For the entries below, print exactly the lines between the line holding "(mat (of_real c)" and the line holding "section \<open>Real estimates\<close>", inclusive, and nothing else.

━━━ DATA FOR REVIEW

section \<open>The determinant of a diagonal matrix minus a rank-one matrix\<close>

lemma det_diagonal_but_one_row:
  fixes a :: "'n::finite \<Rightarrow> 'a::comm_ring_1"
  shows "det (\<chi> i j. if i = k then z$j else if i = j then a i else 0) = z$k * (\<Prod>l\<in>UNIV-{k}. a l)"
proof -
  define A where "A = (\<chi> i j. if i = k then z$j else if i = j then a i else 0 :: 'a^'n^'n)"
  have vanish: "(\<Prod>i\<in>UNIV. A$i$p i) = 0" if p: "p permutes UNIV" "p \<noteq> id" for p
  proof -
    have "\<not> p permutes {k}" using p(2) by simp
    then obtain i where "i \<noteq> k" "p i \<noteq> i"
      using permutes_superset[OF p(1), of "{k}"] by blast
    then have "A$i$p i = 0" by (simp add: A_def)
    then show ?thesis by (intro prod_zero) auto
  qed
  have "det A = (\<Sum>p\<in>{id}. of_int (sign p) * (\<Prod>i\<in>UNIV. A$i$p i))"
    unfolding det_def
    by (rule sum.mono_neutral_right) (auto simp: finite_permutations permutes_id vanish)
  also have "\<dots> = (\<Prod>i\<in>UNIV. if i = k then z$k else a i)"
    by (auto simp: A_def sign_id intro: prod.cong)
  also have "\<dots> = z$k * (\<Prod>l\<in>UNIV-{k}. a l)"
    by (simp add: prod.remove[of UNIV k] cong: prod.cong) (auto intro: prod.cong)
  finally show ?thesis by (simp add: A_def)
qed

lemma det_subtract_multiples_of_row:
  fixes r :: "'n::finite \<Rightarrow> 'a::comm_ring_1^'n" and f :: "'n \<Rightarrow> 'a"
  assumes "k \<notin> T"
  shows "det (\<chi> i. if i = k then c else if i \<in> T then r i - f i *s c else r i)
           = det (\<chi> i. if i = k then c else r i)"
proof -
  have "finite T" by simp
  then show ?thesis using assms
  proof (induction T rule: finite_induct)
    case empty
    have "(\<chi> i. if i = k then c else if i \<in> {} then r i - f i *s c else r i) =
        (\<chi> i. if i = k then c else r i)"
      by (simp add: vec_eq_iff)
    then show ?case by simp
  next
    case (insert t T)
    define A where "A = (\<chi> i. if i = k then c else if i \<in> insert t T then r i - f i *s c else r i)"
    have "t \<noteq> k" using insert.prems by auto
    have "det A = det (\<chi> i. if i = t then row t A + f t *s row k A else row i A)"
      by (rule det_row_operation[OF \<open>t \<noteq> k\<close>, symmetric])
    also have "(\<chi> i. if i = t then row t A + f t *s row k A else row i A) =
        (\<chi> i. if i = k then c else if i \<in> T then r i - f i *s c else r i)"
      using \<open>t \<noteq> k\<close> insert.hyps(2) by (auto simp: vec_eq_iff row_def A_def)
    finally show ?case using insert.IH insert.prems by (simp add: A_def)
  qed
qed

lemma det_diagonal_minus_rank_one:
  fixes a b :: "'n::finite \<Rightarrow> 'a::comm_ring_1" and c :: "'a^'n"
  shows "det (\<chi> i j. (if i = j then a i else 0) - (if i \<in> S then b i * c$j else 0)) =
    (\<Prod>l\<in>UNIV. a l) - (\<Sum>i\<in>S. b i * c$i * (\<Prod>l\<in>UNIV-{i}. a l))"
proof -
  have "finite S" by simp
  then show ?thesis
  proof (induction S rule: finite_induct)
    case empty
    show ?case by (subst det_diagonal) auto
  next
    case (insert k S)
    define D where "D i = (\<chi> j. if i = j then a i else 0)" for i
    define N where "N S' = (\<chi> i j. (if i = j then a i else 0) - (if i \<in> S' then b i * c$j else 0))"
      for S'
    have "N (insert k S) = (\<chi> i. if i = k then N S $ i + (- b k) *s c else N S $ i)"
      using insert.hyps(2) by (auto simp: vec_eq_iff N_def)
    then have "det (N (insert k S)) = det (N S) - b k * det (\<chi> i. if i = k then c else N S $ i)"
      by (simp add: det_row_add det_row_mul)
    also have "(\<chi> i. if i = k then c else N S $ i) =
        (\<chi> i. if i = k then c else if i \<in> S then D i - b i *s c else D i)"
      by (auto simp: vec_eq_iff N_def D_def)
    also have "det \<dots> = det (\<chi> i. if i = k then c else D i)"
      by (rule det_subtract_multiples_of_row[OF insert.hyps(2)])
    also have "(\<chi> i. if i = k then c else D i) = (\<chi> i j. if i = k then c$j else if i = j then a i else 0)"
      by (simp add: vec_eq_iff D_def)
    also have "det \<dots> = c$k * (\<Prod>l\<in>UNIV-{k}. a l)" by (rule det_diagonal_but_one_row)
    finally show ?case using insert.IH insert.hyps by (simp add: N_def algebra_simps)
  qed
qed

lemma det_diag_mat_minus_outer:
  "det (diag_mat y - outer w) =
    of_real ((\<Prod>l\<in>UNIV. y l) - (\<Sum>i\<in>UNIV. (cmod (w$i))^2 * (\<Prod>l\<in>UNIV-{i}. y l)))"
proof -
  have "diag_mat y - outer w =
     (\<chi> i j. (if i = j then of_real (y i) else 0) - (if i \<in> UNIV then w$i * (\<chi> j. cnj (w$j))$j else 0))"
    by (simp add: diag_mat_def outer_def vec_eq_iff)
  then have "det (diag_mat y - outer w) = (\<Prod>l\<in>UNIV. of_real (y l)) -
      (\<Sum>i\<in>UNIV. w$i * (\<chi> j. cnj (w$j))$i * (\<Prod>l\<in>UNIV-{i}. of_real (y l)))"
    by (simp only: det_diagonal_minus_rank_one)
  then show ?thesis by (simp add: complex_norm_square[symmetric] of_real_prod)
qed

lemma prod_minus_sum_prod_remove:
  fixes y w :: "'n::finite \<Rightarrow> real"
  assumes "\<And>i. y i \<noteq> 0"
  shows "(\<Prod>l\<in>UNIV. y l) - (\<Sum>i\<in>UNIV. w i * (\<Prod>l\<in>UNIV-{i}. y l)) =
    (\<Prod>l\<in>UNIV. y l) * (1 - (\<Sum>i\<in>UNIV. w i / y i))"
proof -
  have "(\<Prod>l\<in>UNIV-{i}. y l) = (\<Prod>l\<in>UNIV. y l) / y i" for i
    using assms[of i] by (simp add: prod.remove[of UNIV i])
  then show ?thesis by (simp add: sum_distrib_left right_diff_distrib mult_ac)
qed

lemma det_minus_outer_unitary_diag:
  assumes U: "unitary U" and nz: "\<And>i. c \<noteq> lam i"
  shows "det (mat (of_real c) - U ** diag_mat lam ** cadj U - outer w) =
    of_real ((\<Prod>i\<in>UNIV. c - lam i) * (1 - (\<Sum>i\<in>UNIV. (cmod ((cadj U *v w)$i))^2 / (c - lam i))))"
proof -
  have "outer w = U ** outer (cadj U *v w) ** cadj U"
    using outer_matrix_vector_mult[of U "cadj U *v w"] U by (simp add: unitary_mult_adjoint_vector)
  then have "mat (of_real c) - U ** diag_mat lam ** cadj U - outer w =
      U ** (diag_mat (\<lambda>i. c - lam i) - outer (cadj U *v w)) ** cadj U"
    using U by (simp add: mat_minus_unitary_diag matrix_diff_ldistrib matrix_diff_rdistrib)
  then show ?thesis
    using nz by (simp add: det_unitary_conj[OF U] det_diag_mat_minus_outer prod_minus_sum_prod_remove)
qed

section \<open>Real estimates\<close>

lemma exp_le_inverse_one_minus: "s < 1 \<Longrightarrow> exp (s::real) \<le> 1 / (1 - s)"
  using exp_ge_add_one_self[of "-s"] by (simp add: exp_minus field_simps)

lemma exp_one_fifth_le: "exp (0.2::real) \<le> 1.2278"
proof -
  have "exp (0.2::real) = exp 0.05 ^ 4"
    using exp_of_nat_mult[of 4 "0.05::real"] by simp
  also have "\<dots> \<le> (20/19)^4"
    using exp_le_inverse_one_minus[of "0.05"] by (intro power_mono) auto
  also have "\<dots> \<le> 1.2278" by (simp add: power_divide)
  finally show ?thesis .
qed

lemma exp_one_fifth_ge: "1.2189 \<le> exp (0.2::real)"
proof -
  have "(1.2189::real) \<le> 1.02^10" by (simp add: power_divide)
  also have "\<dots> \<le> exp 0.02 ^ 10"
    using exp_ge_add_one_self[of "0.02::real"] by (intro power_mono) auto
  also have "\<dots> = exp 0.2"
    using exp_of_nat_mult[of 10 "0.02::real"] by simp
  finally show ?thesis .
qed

━━━━━━
━━━ DATA FOR REVIEW

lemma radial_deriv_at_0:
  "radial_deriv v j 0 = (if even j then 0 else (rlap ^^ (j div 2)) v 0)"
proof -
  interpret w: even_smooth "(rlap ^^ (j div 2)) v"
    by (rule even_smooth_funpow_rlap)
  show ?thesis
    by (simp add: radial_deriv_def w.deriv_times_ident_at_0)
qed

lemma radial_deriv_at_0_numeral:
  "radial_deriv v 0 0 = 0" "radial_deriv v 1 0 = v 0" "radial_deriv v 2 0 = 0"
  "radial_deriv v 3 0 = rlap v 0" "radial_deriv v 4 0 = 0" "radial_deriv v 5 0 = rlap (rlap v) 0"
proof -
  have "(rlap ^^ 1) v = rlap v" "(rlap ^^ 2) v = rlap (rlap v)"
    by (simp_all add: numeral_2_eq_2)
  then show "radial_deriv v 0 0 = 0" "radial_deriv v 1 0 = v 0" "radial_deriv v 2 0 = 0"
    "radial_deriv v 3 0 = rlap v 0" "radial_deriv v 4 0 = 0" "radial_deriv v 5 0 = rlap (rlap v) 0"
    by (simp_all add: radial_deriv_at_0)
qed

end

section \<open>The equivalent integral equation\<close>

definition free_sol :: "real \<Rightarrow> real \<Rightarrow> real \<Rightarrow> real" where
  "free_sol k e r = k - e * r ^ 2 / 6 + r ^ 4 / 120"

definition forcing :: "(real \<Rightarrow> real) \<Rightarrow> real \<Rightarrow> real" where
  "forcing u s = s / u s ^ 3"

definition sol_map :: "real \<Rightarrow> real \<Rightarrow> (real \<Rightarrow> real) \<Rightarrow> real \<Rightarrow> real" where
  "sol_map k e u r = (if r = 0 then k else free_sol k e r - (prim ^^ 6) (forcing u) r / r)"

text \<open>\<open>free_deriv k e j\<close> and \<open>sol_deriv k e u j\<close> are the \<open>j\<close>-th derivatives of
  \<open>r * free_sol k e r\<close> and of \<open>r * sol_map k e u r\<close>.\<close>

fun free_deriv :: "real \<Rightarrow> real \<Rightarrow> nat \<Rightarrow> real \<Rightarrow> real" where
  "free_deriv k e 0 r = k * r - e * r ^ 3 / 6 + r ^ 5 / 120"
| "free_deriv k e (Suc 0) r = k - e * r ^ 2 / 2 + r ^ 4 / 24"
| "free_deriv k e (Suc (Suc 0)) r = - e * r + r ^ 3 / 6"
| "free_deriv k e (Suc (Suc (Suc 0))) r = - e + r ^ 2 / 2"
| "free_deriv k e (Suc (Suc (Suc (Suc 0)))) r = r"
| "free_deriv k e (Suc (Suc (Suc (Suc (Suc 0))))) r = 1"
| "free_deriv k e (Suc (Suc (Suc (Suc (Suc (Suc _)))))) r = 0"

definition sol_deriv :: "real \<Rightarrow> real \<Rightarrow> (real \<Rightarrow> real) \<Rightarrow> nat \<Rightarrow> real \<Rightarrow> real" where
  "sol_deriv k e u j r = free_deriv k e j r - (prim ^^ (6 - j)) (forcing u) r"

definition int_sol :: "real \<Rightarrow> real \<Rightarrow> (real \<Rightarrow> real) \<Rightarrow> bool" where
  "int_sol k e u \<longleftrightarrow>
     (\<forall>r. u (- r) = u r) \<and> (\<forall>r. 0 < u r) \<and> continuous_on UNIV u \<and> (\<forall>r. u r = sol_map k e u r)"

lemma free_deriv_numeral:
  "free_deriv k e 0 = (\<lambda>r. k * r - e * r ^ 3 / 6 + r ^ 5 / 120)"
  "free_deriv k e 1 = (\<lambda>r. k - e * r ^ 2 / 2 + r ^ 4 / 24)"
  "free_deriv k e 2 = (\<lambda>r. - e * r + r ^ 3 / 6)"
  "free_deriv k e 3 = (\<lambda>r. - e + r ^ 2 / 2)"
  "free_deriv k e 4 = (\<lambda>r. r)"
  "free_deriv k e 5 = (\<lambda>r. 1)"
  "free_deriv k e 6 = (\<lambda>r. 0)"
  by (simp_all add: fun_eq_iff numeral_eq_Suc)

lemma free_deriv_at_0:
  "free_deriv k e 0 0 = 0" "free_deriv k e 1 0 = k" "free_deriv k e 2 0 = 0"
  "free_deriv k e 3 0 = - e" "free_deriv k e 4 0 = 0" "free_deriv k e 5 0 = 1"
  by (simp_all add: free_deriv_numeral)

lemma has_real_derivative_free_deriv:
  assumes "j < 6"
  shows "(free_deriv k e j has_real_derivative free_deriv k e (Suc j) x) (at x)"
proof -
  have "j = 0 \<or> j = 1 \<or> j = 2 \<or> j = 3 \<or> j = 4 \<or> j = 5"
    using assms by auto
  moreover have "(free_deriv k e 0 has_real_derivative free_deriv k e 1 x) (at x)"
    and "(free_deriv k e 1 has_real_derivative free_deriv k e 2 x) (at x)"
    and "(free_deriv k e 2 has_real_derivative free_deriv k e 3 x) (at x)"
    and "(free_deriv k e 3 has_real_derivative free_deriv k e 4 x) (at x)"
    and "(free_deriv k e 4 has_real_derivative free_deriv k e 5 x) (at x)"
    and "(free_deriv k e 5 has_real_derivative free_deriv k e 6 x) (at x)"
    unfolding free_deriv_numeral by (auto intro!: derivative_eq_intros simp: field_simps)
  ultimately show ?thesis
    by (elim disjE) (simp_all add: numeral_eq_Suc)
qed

━━━━━━

TASK RESPONSE>
  shows "det (mat (of_real c) - U ** diag_mat lam ** cadj U - outer w) =
    of_real ((\<Prod>i\<in>UNIV. c - lam i) * (1 - (\<Sum>i\<in>UNIV. (cmod ((cadj U *v w)$i))^2 / (c - lam i))))"
proof -
  have "outer w = U ** outer (cadj U *v w) ** cadj U"
    using outer_matrix_vector_mult[of U "cadj U *v w"] U by (simp add: unitary_mult_adjoint_vector)
  then have "mat (of_real c) - U ** diag_mat lam ** cadj U - outer w =
      U ** (diag_mat (\<lambda>i. c - lam i) - outer (cadj U *v w)) ** cadj U"
    using U by (simp add: mat_minus_unitary_diag matrix_diff_ldistrib matrix_diff_rdistrib)
  then show ?thesis
    using nz by (simp add: det_unitary_conj[OF U] det_diag_mat_minus_outer prod_minus_sum_prod_remove)
qed

section \<open>Real estimates\<close>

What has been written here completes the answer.